The Bartender (continued from previous post)
When she awoke the next day, disheveled, smelly and still in her work clothes she couldn’t even remember the past night’s events. Or should she say morning’s events since she did not know what time she had stumbled onto her bed, clothed and reeking of alcohol and various old food smells. She sniffed under her arm and could pick up: cilantro, hummus, bean dip, and something smoky and meaty, like short ribs. She started to remember someone had asked her late into the night if she could make them her famous short ribs and she had, using leftover sauces and serving it with a creamy polenta that was on the night’s special menu. It was the last night of her restaurant, the very last night, tomorrow it would be gone, forever.
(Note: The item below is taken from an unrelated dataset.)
(* Let $\mathcal{X}$ be a finite set with $|\mathcal{X}|=r\geq 2$, let $P_X$ be a probability mass function on $\mathcal{X}$ with $P_X(x)>0$ for all $x\in\mathcal{X}$, let $\mathcal{Z}=\{0,1,\ldots,k-1\}$ with $2\leq k\leq r$, let $f:\mathcal{X}\to\mathcal{Z}$ be a given mapping, and fix an integer list size $l$ with $1\leq l<r$. Let $\pi^{(l)}(\rho)$ denote list $\rho$-privacy and $\Lambda_\rho$ the set defined in the context. Then: (i) For $0\leq\rho\leq 1/k$, $\pi^{(l)}(\rho)=1-P_X(L_l^* )$. (ii) For $\rho=1$, $\pi^{(l)}(1)=1-\sum_{i\in\mathcal{Z}} P_X\big([f^{-1}(i)]_{\min\{l,|f^{-1}(i)|\}}\big)$. (iii) For $0\leq\rho\leq 1$, $$\pi^{(l)}(\rho)\leq \pi_u^{(l)}(\rho):=1-\Big[P_X(\Lambda_\rho)+\rho\sum_{i\in\mathcal{Z}}P_X\big([f^{-1}(i)\setminus\Lambda_\rho]_{\min\{l-|\Lambda_\rho|,\,|f^{-1}(i)\setminus\Lambda_\rho|\}}\big)\Big].$$
   Context: Notation: $f^{-1}(i)=\{x\in\mathcal{X}: f(x)=i\}$. For $A\subseteq\mathcal{X}$ and $0\leq t\leq|A|$, $[A]_t$ denotes a set of $t$ largest $P_X$-probability elements of $A$ (ties broken arbitrarily), with $[A]_0=\emptyset$; $L_t^*=[\mathcal{X}]_t$. For a set $S$, $P_X(S)=\sum_{x\in S}P_X(x)$. A $\rho$-recoverable query response ($\rho$-QR), for $0\leq\rho\leq 1$, is a stochastic matrix $W:\mathcal{X}\to\mathcal{Z}$ (i.e. $W(i|x)\geq 0$, $\sum_{i\in\mathcal{Z}}W(i|x)=1$) with $W(f(x)|x)\geq\rho$ for all $x\in\mathcal{X}$; equivalently a $\mathcal{Z}$-valued random variable $F(X)$ with $P(F(X)=i\mid X=x)=W(i|x)$, where $X\sim P_X$. Let $\mathcal{L}_l$ be the set of all $l$-element subsets of $\mathcal{X}$. The list privacy of a $\rho$-QR $W$ is $\pi^{(l)}_\rho(W)=\min_{g}P(X\notin g(F(X)))$, the minimum over all maps $g:\mathcal{Z}\to\mathcal{L}_l$; equivalently $\pi^{(l)}_\rho(W)=1-\sum_{i\in\mathcal{Z}}\max_{L\in\mathcal{L}_l}\sum_{x\in L}P_X(x)W(i|x)$. List $\rho$-privacy is $\pi^{(l)}(\rho)=\max\{\pi^{(l)}_\rho(W): W \text{ a } \rho\text{-QR}\}$. For $0\leq\rho\leq1$, $\Lambda_\rho$ denotes a maximizer (not necessarily unique) over subsets $\Lambda\subset\mathcal{X}$ with $0\leq|\Lambda|\leq l$ of $$P_X(\Lambda)+\rho\sum_{i\in\mathcal{Z}}P_X\big([f^{-1}(i)\setminus\Lambda]_{\min\{l-|\Lambda|,\,|f^{-1}(i)\setminus\Lambda|\}}\big).$$ *)

theory Defs
  imports Complex_Main
begin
Was it really the morning, was she really officially closed? Unemployed? ‘Shit,’ she thought, “Yeah,” she grumbled out loud to her black Lab, Lucy, “Fuck.” she said out loud. The television must have been on all night, there was a commercial on to help people stop smoking by chewing some stupid gum. She reached for her pack of cigarettes and lit one not even bothering to listen to the nicotine sponsor ads on television. “Shut-up” she croaked after she inhaled deeply. She threw her clog at the television but didn’t even have the energy to get near, her clog just landed on a pile of dirty laundry on the floor.
She had one arm around Lucy, her dog, a black labrador receiver wearing a red bandana, and as she rubbed her own eyes from the smoke, her hangover and from the lack of sleep. She turned to her faithful animal and said, “Lucy, I’ve worked in a kitchen since I was sixteen, I’m now thirty-six with no job and no restaurant. Is that all there is? There’s gotta be something more because this shit is not gonna fly.” Lucy just looked back at her as old, kind dogs do and licked her face. Dogs are great at unconditional love, of course there was no answer for Lucy to give but she knew that, she knew she would have to make a decision soon….just not now, not yet, she wasn’t ready for any new commitments.
She needed time and space away from everyone she knew in the restaurant business and her family. She tried hard to push people away, because in the past, she had learned, that letting people get too close, was like a personal invitation to heartache and she had had enough of that for a lifetime. She stood up, head in hand, to the shower, muttering and groaning the whole way. She had no idea what she was going to do with her life; she just knew she had to take a step. One step at a time and give herself time to heal.